On July 20, 2013, the Flyers signed Couturier to a two-year, $3.5 million contract extension. The Flyers' head coach, Peter Laviolette, was abruptly fired three games into the 2013–14 NHL season. ESPN speculated that part of the decision behind the firing was a concern that Couturier and Schenn, who were supporting rising star centre Giroux, were not developing as anticipated. Laviolette's replacement, Craig Berube, pushed Giroux and Couturier's ice time throughout the season, telling reporters, "I like to keep the forwards to less than 20 minutes in a game as a rule, but I've always made exceptions for Giroux and Couturier." When the Flyers acquired Steve Downie from the Colorado Avalanche in the fall, he was placed on the third line to wing Couturier and Read. Couturier saw an almost immediate improvement after being paired with Downie; the line scored a combined 25 points in a 10-game span, and Couturier told The Philadelphia Inquirer that Downie was "a big part of the success of our line". By the end of the season, Couturier had reached a career-high 39 points, including 13 goals. The Flyers appeared in the 2014 Stanley Cup playoffs, but were eliminated by the New York Rangers in the first round.

====2014–2018====
For the 2014–15 season, Couturier centered a checking line, with Read and R. J. Umberger on the wings. Although the line started strong defensively, their offensive production was limited at the start of the season. Couturier, frustrated with his reputation as a primarily defensive player, broke a 10-game goalless streak in December with a stretch of three goals and seven points in a span of six games. He played in all 82 games for the Flyers that season, building his iron man streak to 198 consecutive games, and finished the season with a career-high 15 goals and 22 assists, for a total of 37 points. On July 28, 2015, one year before Couturier was set to become a restricted free agent, the Flyers signed him to a six-year, $26 million contract extension. Still only 22 years old at the time of the extension, Couturier was considered a central piece of the Flyers' rebuilding plan, complementing new captain Giroux.
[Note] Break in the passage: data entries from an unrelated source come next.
(* Let $\mathsf{UnivT},\mathsf{StrongT},\mathsf{LexT},\mathsf{WeakT}$ denote the classes of universally truthful, strongly truthful, lex-truthful and weakly truthful randomized mechanisms, respectively. Then in every ordinal setting $\mathsf{UnivT}\subseteq\mathsf{StrongT}\subseteq\mathsf{LexT}\subseteq\mathsf{WeakT}$, and each of these inclusions is strict: for each inclusion there exists an ordinal setting (in which every agent may report any strict total order on the outcomes) and a mechanism belonging to the larger class but not the smaller one.
   Context: An ordinal setting: a set $N$ of $n$ agents, a finite set $O$ of $m$ outcomes, and for each agent $j$ a set $\Sigma_j$ of allowed strict total orders on $O$; $\Sigma=\prod_j\Sigma_j$. For a strict order $\succ$, $\succ(\ell)$ denotes its $\ell$-th ranked outcome. A deterministic mechanism (social choice function) $f:\Sigma\to O$ is truthful if $f(\succ_j,\succ_{-j})\succeq_j f(\succ'_j,\succ_{-j})$ for all $j$, all $\succ_j,\succ'_j\in\Sigma_j$, all $\succ_{-j}$ (where $a\succeq_j b$ means $a\succ_j b$ or $a=b$). A randomized mechanism maps each profile to a probability distribution (lottery) over $O$. It is universally truthful if it is a mixture of deterministic truthful mechanisms with input-independent mixture weights. For a strict order $\succ$ and lotteries $p,q$: $p$ stochastically dominates $q$ w.r.t. $\succ$ if $\sum_{\ell\le i}p(\succ(\ell))\ge\sum_{\ell\le i}q(\succ(\ell))$ for all $i\in[m]$; for $p\ne q$, $p$ lexicographically dominates $q$ w.r.t. $\succ$ if there is $i\in[m]$ with $p(\succ(i))>q(\succ(i))$ and $p(\succ(\ell))=q(\succ(\ell))$ for all $\ell<i$. A randomized mechanism $\mathcal{M}$ is strongly truthful if $\mathcal{M}(\succ_j,\succ_{-j})$ stochastically dominates $\mathcal{M}(\succ'_j,\succ_{-j})$ w.r.t. $\succ_j$ for all $j,\succ_j,\succ'_j,\succ_{-j}$; weakly truthful if $\mathcal{M}(\succ_j,\succ_{-j})$ is not stochastically dominated by $\mathcal{M}(\succ'_j,\succ_{-j})$ w.r.t. $\succ_j$ for all such data; lex-truthful if for all such data either $\mathcal{M}(\succ_j,\succ_{-j})=\mathcal{M}(\succ'_j,\succ_{-j})$ or $\mathcal{M}(\succ_j,\succ_{-j})$ lexicographically dominates $\mathcal{M}(\succ'_j,\succ_{-j})$ w.r.t. $\succ_j$. *)

theory Defs
  imports "HOL-Probability.Probability_Mass_Function" "HOL-Library.FuncSet"
begin

text \<open>A strict total order on the finite outcome set Out is represented by its ranking list:
  a duplicate-free list enumerating Out, best outcome first. The l-th ranked outcome
  (1-based) is xs ! (l - 1).\<close>

definition strict_orders :: "'o set \<Rightarrow> 'o list set" where
  "strict_orders Out = {xs. distinct xs \<and> set xs = Out}"

definition prefers :: "'o list \<Rightarrow> 'o \<Rightarrow> 'o \<Rightarrow> bool" where
  "prefers xs a b \<longleftrightarrow> (\<exists>i k. i < k \<and> k < length xs \<and> xs ! i = a \<and> xs ! k = b)"

definition weakly_prefers :: "'o list \<Rightarrow> 'o \<Rightarrow> 'o \<Rightarrow> bool" where
  "weakly_prefers xs a b \<longleftrightarrow> prefers xs a b \<or> a = b"

definition ordinal_setting :: "'a set \<Rightarrow> 'o set \<Rightarrow> ('a \<Rightarrow> 'o list set) \<Rightarrow> bool" where
  "ordinal_setting N Out Sig \<longleftrightarrow> finite N \<and> finite Out \<and> (\<forall>j\<in>N. Sig j \<subseteq> strict_orders Out)"

definition profiles :: "'a set \<Rightarrow> ('a \<Rightarrow> 'o list set) \<Rightarrow> ('a \<Rightarrow> 'o list) set" where
  "profiles N Sig = PiE N Sig"

definition det_mechanism ::
  "'a set \<Rightarrow> 'o set \<Rightarrow> ('a \<Rightarrow> 'o list set) \<Rightarrow> (('a \<Rightarrow> 'o list) \<Rightarrow> 'o) \<Rightarrow> bool" where
  "det_mechanism N Out Sig f \<longleftrightarrow> (\<forall>P\<in>profiles N Sig. f P \<in> Out)"

definition det_truthful ::
  "'a set \<Rightarrow> 'o set \<Rightarrow> ('a \<Rightarrow> 'o list set) \<Rightarrow> (('a \<Rightarrow> 'o list) \<Rightarrow> 'o) \<Rightarrow> bool" where
  "det_truthful N Out Sig f \<longleftrightarrow> det_mechanism N Out Sig f \<and>
     (\<forall>P\<in>profiles N Sig. \<forall>j\<in>N. \<forall>s'\<in>Sig j.
        weakly_prefers (P j) (f P) (f (P(j := s'))))"

definition rand_mechanism ::
  "'a set \<Rightarrow> 'o set \<Rightarrow> ('a \<Rightarrow> 'o list set) \<Rightarrow> (('a \<Rightarrow> 'o list) \<Rightarrow> 'o pmf) \<Rightarrow> bool" where
  "rand_mechanism N Out Sig M \<longleftrightarrow> (\<forall>P\<in>profiles N Sig. set_pmf (M P) \<subseteq> Out)"

definition stoch_dom :: "'o list \<Rightarrow> 'o pmf \<Rightarrow> 'o pmf \<Rightarrow> bool" where
  "stoch_dom xs p q \<longleftrightarrow>
     (\<forall>i\<in>{1..length xs}. (\<Sum>l<i. pmf p (xs ! l)) \<ge> (\<Sum>l<i. pmf q (xs ! l)))"

definition lex_dom :: "'o list \<Rightarrow> 'o pmf \<Rightarrow> 'o pmf \<Rightarrow> bool" where
  "lex_dom xs p q \<longleftrightarrow> p \<noteq> q \<and>
     (\<exists>i<length xs. pmf p (xs ! i) > pmf q (xs ! i) \<and>
        (\<forall>l<i. pmf p (xs ! l) = pmf q (xs ! l)))"

definition UnivT :: "'a set \<Rightarrow> 'o set \<Rightarrow> ('a \<Rightarrow> 'o list set) \<Rightarrow> (('a \<Rightarrow> 'o list) \<Rightarrow> 'o pmf) set" where
  "UnivT N Out Sig = {M. rand_mechanism N Out Sig M \<and>
     (\<exists>D :: (('a \<Rightarrow> 'o list) \<Rightarrow> 'o) pmf.
        (\<forall>f\<in>set_pmf D. det_truthful N Out Sig f) \<and>
        (\<forall>P\<in>profiles N Sig. M P = map_pmf (\<lambda>f. f P) D))}"

definition StrongT :: "'a set \<Rightarrow> 'o set \<Rightarrow> ('a \<Rightarrow> 'o list set) \<Rightarrow> (('a \<Rightarrow> 'o list) \<Rightarrow> 'o pmf) set" where
  "StrongT N Out Sig = {M. rand_mechanism N Out Sig M \<and>
     (\<forall>P\<in>profiles N Sig. \<forall>j\<in>N. \<forall>s'\<in>Sig j.
        stoch_dom (P j) (M P) (M (P(j := s'))))}"

definition LexT :: "'a set \<Rightarrow> 'o set \<Rightarrow> ('a \<Rightarrow> 'o list set) \<Rightarrow> (('a \<Rightarrow> 'o list) \<Rightarrow> 'o pmf) set" where
  "LexT N Out Sig = {M. rand_mechanism N Out Sig M \<and>
     (\<forall>P\<in>profiles N Sig. \<forall>j\<in>N. \<forall>s'\<in>Sig j.
        M P = M (P(j := s')) \<or> lex_dom (P j) (M P) (M (P(j := s'))))}"

text \<open>Weak truthfulness: the truthful lottery is not (strictly, i.e. by a different lottery)
  stochastically dominated by a misreport's lottery.\<close>
definition WeakT :: "'a set \<Rightarrow> 'o set \<Rightarrow> ('a \<Rightarrow> 'o list set) \<Rightarrow> (('a \<Rightarrow> 'o list) \<Rightarrow> 'o pmf) set" where
  "WeakT N Out Sig = {M. rand_mechanism N Out Sig M \<and>
     (\<forall>P\<in>profiles N Sig. \<forall>j\<in>N. \<forall>s'\<in>Sig j.
        \<not> (M (P(j := s')) \<noteq> M P \<and> stoch_dom (P j) (M (P(j := s'))) (M P)))}"

end

theory Submission
  imports Defs
begin

(*
  A universally truthful mechanism is a mixture of deterministic truthful ones, and each of those,
  when the agent reports truthfully, only moves the outcome up in her order; so the probability
  of every top segment of her order can only increase, which is stochastic dominance.  If a
  lottery stochastically dominates a different one, it must win strictly at the first rank where
  the two differ, which is lexicographic dominance; and lexicographic dominance of p over q rules
  out stochastic dominance of q over p.

  The separations use one agent and three outcomes.  The uniform lottery over the two top-ranked
  outcomes is strongly truthful, but not a mixture of truthful deterministic mechanisms: along
  the cycle of orders 012, 120, 201 the events "the agent gets her second choice" each have
  probability 1/2, yet no truthful deterministic mechanism realises two of them.  The other two
  examples trade the sure outcome 1 against a fair coin between 0 and 2.
*)

lemma sum_pmf_take_eq_prob:
  assumes "distinct xs" "i \<le> length xs"
  shows "(\<Sum>l<i. pmf p (xs ! l)) = measure_pmf.prob p (set (take i xs))"
proof -
  have "set (take i xs) = (!) xs ` {..<i}"
    using nth_image[OF assms(2)] by (simp add: lessThan_atLeast0)
  moreover have "inj_on ((!) xs) {..<i}" using assms by (intro inj_on_nth) auto
  ultimately show ?thesis
    by (simp add: measure_measure_pmf_finite sum.reindex)
qed

lemma weakly_prefers_in_take:
  assumes "distinct xs" "weakly_prefers xs a b" "b \<in> set (take i xs)"
  shows "a \<in> set (take i xs)"
proof (cases "a = b")
  case False
  then obtain i' k where "i' < k" "k < length xs" "xs ! i' = a" "xs ! k = b"
    using assms(2) unfolding weakly_prefers_def prefers_def by blast
  moreover obtain k' where "k' < min i (length xs)" "xs ! k' = b"
    using assms(3) by (auto simp: in_set_conv_nth)
  ultimately have "i' < min i (length xs)"
    using assms(1) nth_eq_iff_index_eq by fastforce
  then show ?thesis using \<open>xs ! i' = a\<close> by (auto simp: in_set_conv_nth)
qed (use assms in simp)

lemma stoch_dom_map_pmf:
  assumes "distinct xs" "\<And>d. d \<in> set_pmf D \<Longrightarrow> weakly_prefers xs (g d) (h d)"
  shows "stoch_dom xs (map_pmf g D) (map_pmf h D)"
  unfolding stoch_dom_def
proof
  fix i assume "i \<in> {1..length xs}"
  then have "i \<le> length xs" by simp
  have "measure_pmf.prob D (h -` set (take i xs)) \<le> measure_pmf.prob D (g -` set (take i xs))"
    using assms by (intro measure_pmf.finite_measure_mono_AE)
      (auto simp: AE_measure_pmf_iff intro: weakly_prefers_in_take)
  then show "(\<Sum>l<i. pmf (map_pmf h D) (xs ! l)) \<le> (\<Sum>l<i. pmf (map_pmf g D) (xs ! l))"
    by (simp add: sum_pmf_take_eq_prob[OF assms(1) \<open>i \<le> length xs\<close>] measure_map_pmf)
qed

lemma stoch_dom_imp_lex_dom:
  assumes "stoch_dom xs p q" "p \<noteq> q" "set_pmf p \<subseteq> set xs" "set_pmf q \<subseteq> set xs"
  shows "lex_dom xs p q"
proof -
  have "\<exists>i<length xs. pmf p (xs ! i) \<noteq> pmf q (xs ! i)"
  proof (rule ccontr)
    assume "\<not> ?thesis"
    then have "pmf p x = pmf q x" for x
    proof (cases "x \<in> set xs")
      case False
      then show ?thesis using assms(3,4) by (metis pmf_eq_0_set_pmf subsetD)
    qed (auto simp: in_set_conv_nth)
    then show False using assms(2) by (simp add: pmf_eqI)
  qed
  then obtain i where i: "i < length xs" "pmf p (xs ! i) \<noteq> pmf q (xs ! i)"
    and before: "\<forall>l<i. pmf p (xs ! l) = pmf q (xs ! l)"
    using exists_least_iff[of "\<lambda>i. i < length xs \<and> pmf p (xs ! i) \<noteq> pmf q (xs ! i)"]
    by (metis order.strict_trans)
  have "(\<Sum>l<Suc i. pmf q (xs ! l)) \<le> (\<Sum>l<Suc i. pmf p (xs ! l))"
    using assms(1) i(1) unfolding stoch_dom_def by (auto dest: bspec[of _ _ "Suc i"])
  moreover have "(\<Sum>l<i. pmf q (xs ! l)) = (\<Sum>l<i. pmf p (xs ! l))"
    using before by simp
  ultimately have "pmf p (xs ! i) > pmf q (xs ! i)" using i(2) by simp
  then show ?thesis using assms(2) i(1) before unfolding lex_dom_def by blast
qed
On October 21, 2015, shortly into the 2015–16 season, Couturier took a hit off of ex-teammate Zac Rinaldo during a game against the Bruins. He was diagnosed with a concussion, missing a stretch of games into early November, and blamed himself for the Flyers' losing streak during his absence. He rejoined the line-up on November 5, and continued to put up defensive skill for the Flyers, but struggled to produce offensively. In his first seven games after returning from concussion protocols, Couturier did not register a single point. He recovered by mid-December, scoring six goals and eight assists between December 15 and January 21, before his season was derailed again due to a lower body injury. Injuries continued to plague Couturier through the end of the season. After leaving a game against the Nashville Predators on February 4, general manager Ron Hextall told reporters that Couturier was still suffering from the lower-body injury, and would need to miss four weeks to recover. In Game 1 of a 2016 Stanley Cup playoffs series against the Washington Capitals, Couturier took a hit from Alex Ovechkin and left the game early. He was later diagnosed with a sprained acromioclavicular joint that would bench him for two weeks, through the remainder of the Capitals playoff series. The Capitals ultimately took the series in six games. Despite missing 19 games in the 2015–16 season, Couturier continued to improve his scoring, jumping to 11 goals and 28 assists in the 63 games that he did play.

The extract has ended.